I-D Action:draft-ietf-idnabis-mappings-00.txt

Sun Jun 7 17:57:26 CEST 2009

--On Saturday, June 06, 2009 16:38 -0700 Paul Hoffman
<phoffman at imc.org> wrote:

>...
>> I continue to believe that use of NKFC without exclusion of
>> character groups for which there are no justifications is
> 
> Pete's proposed mapping happens before the
> is-it-valid-IDNA2008 check. Why should we use a modified NFKC
> instead of plain-vanilla-NFKC and let the second step
> (is-it-valid-IDNA2008 check) happen as-is?

My concern is not those NFKC mappings that will result in
invalid (DISALLOWED) characters.   It is 

(1) NFKC mappings of characters that, if used in domain names,
are probably used to cause mischief and for which there is no
substantive justification.   The "Mathematical" characters are
examples of this.  Martin's original list identified others.
Note that, except in specialized systems, these characters are
very difficult to type and ones for which fonts are unlikely to
be present.

(2) NFKC mappings of characters that result in characters in
CONTEXTO or CONTEXTJ.  Unless I missed something in my search,
this is a null set at present.  But I can find no stability rule
that would prevent adding such a character and the same
presentation and ambiguity issues that apply to the listed
CONTEXTx characters would apply to their compatibility
equivalents.

>> (i) A violation of the "inclusion" model of IDNA2008
> 
> Completely agree. However, this whole document is a violation
> of the "no-mapping" model of IDNA2008, so that seems like an
> odd objection.

We are likely to have to agree to disagree about this, but I
believe that "inclusion" and "no mapping" are separate
principles.  The acceptance of mapping in some contexts does not
seem to me to justify, in any way, abandoning "inclusion".  From
that point of view, the argument to abandon inclusion in the
mapping context has to be made separately... and that argument
has not, as far as I can remember, been made yet.

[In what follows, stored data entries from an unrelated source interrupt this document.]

lemma outcome_convex_Suc:
  fixes Wf :: "'i \<Rightarrow> ('a, 'b, 's) weights"
  assumes fin: "finite I" and wf: "wf_conf (hd p)"
    and a: "\<forall>i\<in>I. 0 \<le> a i" "sum a I = 1" and Wf: "\<forall>i\<in>I. valid_weights (Wf i)"
    and IH: "\<And>c' b. wf_conf c' \<Longrightarrow> \<forall>i\<in>I. 0 \<le> b i \<Longrightarrow> sum b I = 1 \<Longrightarrow>
      \<exists>W. valid_weights W \<and> outcome n W (c' # p) = (\<lambda>t. \<Sum>i\<in>I. b i * outcome n (Wf i) (c' # p) t)"
  shows "\<exists>W. valid_weights W \<and> outcome (Suc n) W p = (\<lambda>t. \<Sum>i\<in>I. a i * outcome (Suc n) (Wf i) p t)"
proof -
  define c where "c = hd p"
  define U where "U i = mix c (\<lambda>l. Wf i (p, l))" for i
  define r where "r = (\<lambda>l. \<Sum>i\<in>I. a i * Wf i (p, l))"
  have rows: "valid_row c (\<lambda>l. Wf i (p, l))" if "i \<in> I" for i
    using Wf that by (simp add: valid_weights_def c_def)
  have r: "valid_row c r"
    unfolding r_def using a rows by (intro valid_row_convex[where r = "\<lambda>i l. Wf i (p, l)"]) auto
  have V: "mix c r x = (\<Sum>i\<in>I. a i * U i x)" for x
    unfolding r_def U_def by (rule mix_convex)
  have U_wf: "wf_out (U i)" if "i \<in> I" for i
    unfolding U_def using wf rows[OF that] by (intro wf_out_mix) (simp_all add: c_def valid_row_def)
  have terms_nonneg: "0 \<le> a i * U i x" if "i \<in> I" for i x
  proof (rule mult_nonneg_nonneg)
    show "0 \<le> a i" using a(1) that by blast
    show "0 \<le> U i x" using U_wf[OF that] unfolding wf_out_def by blast
  qed
  txt \<open>Table \<open>i\<close> reaches the successor \<open>c'\<close> with weight \<open>a i * U i (Inr c')\<close>; below \<open>c'\<close>
    the induction hypothesis realises the renormalised mixture.\<close>
  have mix_wf: "wf_out (mix c r)"
    using wf r by (intro wf_out_mix) (simp_all add: c_def valid_row_def)
  have "\<exists>W'. valid_weights W' \<and> (\<forall>t. mix c r (Inr c') * outcome n W' (c' # p) t
      = (\<Sum>i\<in>I. a i * U i (Inr c') * outcome n (Wf i) (c' # p) t))" for c'
    unfolding V
  proof (rule outcome_scaled_mixture[OF fin])
    show "\<forall>i\<in>I. 0 \<le> a i * U i (Inr c')" using terms_nonneg by blast
    fix b :: "'i \<Rightarrow> real"
    assume "(\<Sum>i\<in>I. a i * U i (Inr c')) \<noteq> 0" and b: "\<forall>i\<in>I. 0 \<le> b i" "sum b I = 1"
    then have "mix c r (Inr c') \<noteq> 0" by (simp add: V)
    then have "wf_conf c'" by (rule wf_out_successor[OF mix_wf])
    then show "\<exists>W. valid_weights W \<and> outcome n W (c' # p) = (\<lambda>t. \<Sum>i\<in>I. b i * outcome n (Wf i) (c' # p) t)"
      using IH b by blast
  qed
  then have "\<forall>c'. \<exists>W'. valid_weights W' \<and> (\<forall>t. mix c r (Inr c') * outcome n W' (c' # p) t
      = (\<Sum>i\<in>I. a i * U i (Inr c') * outcome n (Wf i) (c' # p) t))" by blast
  from choice[OF this] obtain Wc where Wc: "\<And>c'. valid_weights (Wc c')"
    and Wc_outcome: "\<And>c' t. mix c r (Inr c') * outcome n (Wc c') (c' # p) t
      = (\<Sum>i\<in>I. a i * U i (Inr c') * outcome n (Wf i) (c' # p) t)" by blast
  have "outcome (Suc n) (graft p r Wc) p t = (\<Sum>i\<in>I. a i * outcome (Suc n) (Wf i) p t)" for t
    using fin Wc_outcome unfolding U_def c_def r_def by (rule outcome_graft_mixture)
  moreover have "valid_weights (graft p r Wc)"
    using r Wc by (intro valid_weights_graft) (simp_all add: c_def)
  ultimately show ?thesis by blast
qed

lemma outcome_convex:
  fixes Wf :: "'i \<Rightarrow> ('a, 'b, 's) weights"
  assumes "finite I"
  shows "wf_conf (hd p) \<Longrightarrow> \<forall>i\<in>I. 0 \<le> a i \<Longrightarrow> sum a I = 1 \<Longrightarrow> \<forall>i\<in>I. valid_weights (Wf i) \<Longrightarrow>
    \<exists>W. valid_weights W \<and> outcome n W p = (\<lambda>t. \<Sum>i\<in>I. a i * outcome n (Wf i) p t)"
proof (induction n arbitrary: p a)
  case 0
  then show ?case using ex_valid_weights by auto
next
  case (Suc n)
  show ?case
  proof (rule outcome_convex_Suc[OF assms Suc.prems])
    fix c' :: "('a, 'b, 's) conf" and b :: "'i \<Rightarrow> real"
    assume "wf_conf c'" "\<forall>i\<in>I. 0 \<le> b i" "sum b I = 1"
    then show "\<exists>W. valid_weights W \<and> outcome n W (c' # p) = (\<lambda>t. \<Sum>i\<in>I. b i * outcome n (Wf i) (c' # p) t)"
      using Suc.IH[of "c' # p" b] Suc.prems(4) by simp
  qed
qed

>> (ii) A violation of the closely-related protocol design
>> principle that one should include only those things for which
>> one has both use and understanding because it is easier to add
>> later than it is to remove.
> 
> Implementers of IDNA2008 will understand NFKC as well as
> implementers of IDNA2003.

Which is to say, IMO, not at all.  People understand how to
apply NFKC by invoking an operation or library module, but I
don't believe there is general understanding of NFKC.   As
Martin's note pointed out, NFKC is actually a composite
operation.  For the canonical equivalents processed by NFC/NFD,
there is really only one pair of operations: either composing or
decomposing different representational forms of _the same
character_.   For compatibility equivalents, however, the
characters are not the same, or different forms of the same
thing.  They are different characters which may be equivalent
for some purposes (and not for others).  And there are many
categories of such characters -- width, font, etc. -- with NFKC
and the generic "compatibility" label bypassing those
distinctions.   I suggest that, for IDNs, the distinctions are
important, especially given the inclusion principle, and should
not be lightly discarded because of the way NFKC is defined.

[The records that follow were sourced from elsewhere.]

lemma exp_series_add_diag:
  assumes "\<And>m. \<bar>h m\<bar> \<le> H"
  shows "exp_series (tridiag a b (\<lambda>n. e n + l)) t h n = exp (l * t) * exp_series (tridiag a b e) t h n"
proof -
  let ?A = "tridiag a b e"
  define \<alpha> where "\<alpha> k = t ^ k / fact k * (?A ^^ k) h n" for k
  define \<beta> where "\<beta> k = (l * t) ^ k / fact k" for k
  have \<alpha>: "summable (\<lambda>k. norm (\<alpha> k))"
    using summable_exp_series_abs[OF assms] by (simp add: \<alpha>_def)
  have \<beta>: "summable (\<lambda>k. norm (\<beta> k))"
    using summable_exp[of "\<bar>l * t\<bar>"] by (simp add: \<beta>_def abs_mult power_abs field_simps)
  have exp_eq: "exp (l * t) = (\<Sum>k. \<beta> k)"
    using exp_converges[of "l * t"] unfolding \<beta>_def by (simp add: sums_iff field_simps)
  have "exp_series ?A t h n * exp (l * t) = (\<Sum>k. \<Sum>i\<le>k. \<alpha> i * \<beta> (k - i))"
    unfolding exp_eq exp_series_def \<alpha>_def[symmetric] by (rule Cauchy_product[OF \<alpha> \<beta>])
  also have "\<dots> = (\<Sum>k. t ^ k / fact k * (tridiag a b (\<lambda>n. e n + l) ^^ k) h n)"
  proof (rule suminf_cong)
    fix k
    have "\<alpha> i * \<beta> (k - i) = t ^ k / fact k * (of_nat (k choose i) * l ^ (k - i) * (?A ^^ i) h n)"
      if "i \<le> k" for i
    proof -
      have "t ^ k = t ^ i * t ^ (k - i)" using that by (simp add: power_add[symmetric])
      moreover have "real (k choose i) = fact k / (fact i * fact (k - i))"
        using binomial_fact[OF that] by simp
      ultimately show ?thesis by (simp add: \<alpha>_def \<beta>_def power_mult_distrib field_simps)
    qed
    then show "(\<Sum>i\<le>k. \<alpha> i * \<beta> (k - i)) = t ^ k / fact k * (tridiag a b (\<lambda>n. e n + l) ^^ k) h n"
      by (simp add: tridiag_funpow_add_diag sum_distrib_left)
  qed
  finally show ?thesis unfolding exp_series_def by (simp add: mult.commute)
qed

text \<open>Shifting the diagonal by \<open>K\<close> makes all coefficients nonnegative, and the shift only
  contributes the positive factor \<open>exp (K * t)\<close>.\<close>
lemma exp_series_nonneg:
  assumes "\<And>m. \<bar>h m\<bar> \<le> H" "\<And>n. h n \<ge> 0" "\<And>n. a n \<ge> 0" "\<And>n. b n \<ge> 0" "t \<ge> 0"
  shows "exp_series (tridiag a b e) t h n \<ge> 0"
proof -
  interpret shifted: bounded_tridiag a b "\<lambda>n. e n + K" "2 * K"
  proof unfold_locales
    have "0 \<le> K" using a_bound[of 0] by linarith
    then show "\<bar>a n\<bar> \<le> 2 * K" "\<bar>b n\<bar> \<le> 2 * K" "\<bar>e n + K\<bar> \<le> 2 * K" for n
      using a_bound[of n] b_bound[of n] e_bound[of n] by linarith+
  qed
  have "exp_series (tridiag a b (\<lambda>n. e n + K)) t h n \<ge> 0"
    unfolding exp_series_def
  proof (rule suminf_nonneg)
    show "summable (\<lambda>k. t ^ k / fact k * (tridiag a b (\<lambda>n. e n + K) ^^ k) h n)"
      by (rule shifted.summable_exp_series[OF assms(1)])
    have "e m + K \<ge> 0" for m using e_bound[of m] by linarith
    then have "(tridiag a b (\<lambda>n. e n + K) ^^ k) h n \<ge> 0" for k
      by (intro tridiag_funpow_nonneg assms)
    then show "0 \<le> t ^ k / fact k * (tridiag a b (\<lambda>n. e n + K) ^^ k) h n" for k
      using assms(5) by simp
  qed
  then show ?thesis using exp_series_add_diag[OF assms(1)] by (simp add: zero_le_mult_iff)
qed

lemma tridiag_exp_series:
  assumes "\<And>m. \<bar>h m\<bar> \<le> H"
  shows "tridiag a b e (exp_series (tridiag a b e) t h) n
    = (\<Sum>k. t ^ k / fact k * (tridiag a b e ^^ Suc k) h n)"
proof -
  let ?T = "\<lambda>m k. t ^ k / fact k * (tridiag a b e ^^ k) h m"
  have s: "summable (?T m)" for m using summable_exp_series[OF assms] .
  have "tridiag a b e (exp_series (tridiag a b e) t h) n
      = a n * suminf (?T (Suc n)) + b n * (if n = 0 then 0 else suminf (?T (n - 1))) + e n * suminf (?T n)"
    by (simp add: tridiag_def exp_series_def)
  also have "\<dots> = (\<Sum>k. a n * ?T (Suc n) k) + (\<Sum>k. b n * (if n = 0 then 0 else ?T (n - 1) k))
      + (\<Sum>k. e n * ?T n k)"
    using suminf_mult[OF s[of "Suc n"], of "a n"] suminf_mult[OF s[of "n - 1"], of "b n"]
      suminf_mult[OF s[of n], of "e n"] by simp
  also have "\<dots> = (\<Sum>k. a n * ?T (Suc n) k + b n * (if n = 0 then 0 else ?T (n - 1) k) + e n * ?T n k)"
  proof -
    have sa: "summable (\<lambda>k. a n * ?T (Suc n) k)" and se: "summable (\<lambda>k. e n * ?T n k)"
      by (intro summable_mult s)+
    have sb: "summable (\<lambda>k. b n * (if n = 0 then 0 else ?T (n - 1) k))"
      using summable_mult[OF s[of "n - 1"], of "b n"] by (cases "n = 0") simp_all
    show ?thesis unfolding suminf_add[OF sa sb] suminf_add[OF summable_add[OF sa sb] se] ..
  qed
  also have "\<dots> = (\<Sum>k. t ^ k / fact k * (tridiag a b e ^^ Suc k) h n)"
    by (rule suminf_cong) (simp add: tridiag_def algebra_simps)
  finally show ?thesis .
qed

lemma exp_series_has_real_derivative:
  assumes "\<And>m. \<bar>h m\<bar> \<le> H"
  shows "((\<lambda>s. exp_series (tridiag a b e) s h n) has_real_derivative
           tridiag a b e (exp_series (tridiag a b e) t h) n) (at t)"
proof -
  define c where "c k = (tridiag a b e ^^ k) h n / fact k" for k
  have eq: "(\<lambda>s. exp_series (tridiag a b e) s h n) = (\<lambda>s. \<Sum>k. c k * s ^ k)"
    unfolding exp_series_def c_def by (rule ext, rule suminf_cong) (simp add: field_simps)
  have "((\<lambda>s. \<Sum>k. c k * s ^ k) has_real_derivative (\<Sum>k. diffs c k * t ^ k)) (at t)"
    by (rule termdiffs_strong_converges_everywhere)
       (use summable_exp_series[OF assms] in \<open>simp add: c_def field_simps\<close>)
  moreover have "diffs c k * t ^ k = t ^ k / fact k * (tridiag a b e ^^ Suc k) h n" for k
    by (simp add: diffs_def c_def fact_Suc field_simps del: funpow.simps of_nat_Suc)
  ultimately show ?thesis unfolding eq tridiag_exp_series[OF assms] by simp
qed

end

section \<open>The profile \<open>\<phi>\<close>\<close>

definition absorbing_lap :: "real \<Rightarrow> (nat \<Rightarrow> real) \<Rightarrow> nat \<Rightarrow> real" where
  "absorbing_lap r = tridiag (\<lambda>n. if n > 0 then r else 0) (\<lambda>n. if n > 0 then r else 0)
     (\<lambda>n. if n > 0 then - 2 * r else 0)"

definition reflecting_lap :: "real \<Rightarrow> (nat \<Rightarrow> real) \<Rightarrow> nat \<Rightarrow> real" where
  "reflecting_lap r = tridiag (\<lambda>n. r) (\<lambda>n. r) (\<lambda>n. if n = 0 then - r else - 2 * r)"

definition killing_lap :: "real \<Rightarrow> (nat \<Rightarrow> real) \<Rightarrow> nat \<Rightarrow> real" where
  "killing_lap r = tridiag (\<lambda>n. r) (\<lambda>n. r) (\<lambda>n. - 2 * r)"

definition fwd_diff :: "(nat \<Rightarrow> real) \<Rightarrow> nat \<Rightarrow> real" where
  "fwd_diff g n = g (Suc n) - g n"

definition neg_second_diff :: "(nat \<Rightarrow> real) \<Rightarrow> nat \<Rightarrow> real" where
  "neg_second_diff g n = 2 * g (Suc n) - g n - g (Suc (Suc n))"

lemma absorbing_lap_eq:
  "absorbing_lap r g n = (if n > 0 then r * (g (Suc n) + g (n - 1) - 2 * g n) else 0)"
  by (simp add: absorbing_lap_def tridiag_def algebra_simps)

text \<open>Differences intertwine the absorbing Laplacian with the reflecting and the killed one,
  whose semigroups preserve positivity. This is what makes \<open>\<phi>\<^sub>t\<close> nondecreasing and concave.\<close>

lemma fwd_diff_absorbing_lap: "fwd_diff (absorbing_lap r g) = reflecting_lap r (fwd_diff g)"
  by (rule ext, case_tac x)
     (simp_all add: absorbing_lap_def reflecting_lap_def fwd_diff_def tridiag_def algebra_simps)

>> (iii) An increased risk, however slight, that we will, in the
>> future, get strong demands from some particular community to
>> treat a character classified by Unicode as "compatibility" as
>> a real and distinct character.  If such a character is
>> disallowed by virtue of not being mapped, we will have the
>> difficult problem of changing a disallowed character to a
>> PVALID one. But, if it is mapped to something else, we will
>> have to revisit the very complex discussions that we have had
>> over Eszett and Final Sigma.  We should not incur that risk
>> unless there is a reason to do so.
> 
> There is: increased (but, of course, not full) backwards
> compatibility with the large installed base of IDNA2003.

We've seen no evidence that any of these other categories of
compatibility characters are used --other than in possible
demonstrations or out of malice-- in IDNA2003-compatible
applications, much less enough to constitute a large installed
base.   In this context, the problem with Eszett and Final Sigma
is quite independent of how and whether they are used and
important.  It is that we have no way to know definitively by
looking a registered labels in zones, whether those characters
were intended or whether what they mapped to was.   If we see
"ss" in a zone, we don't know whether it started out Eszett or
as "ss" (we may be able to apply heuristics and make guesses in
some cases, but not always).  That gives the registries problems
--discussed at great length on this list-- if a later decision
is made to treat the original characters as separate.  While
both Eszett and Final Sigma are issues due to Case Folding
rather than Compatibility characters, I believe that similar
problems can be avoided by mapping what we conclude that we need
to map, i.e., by avoiding assuming that, because IDNA2003
effectively applied NFKC and is widely deployed, every NFKC
mapping is widely deployed and must be preserved for
backward-compatibility reasons.

YMMD.

      john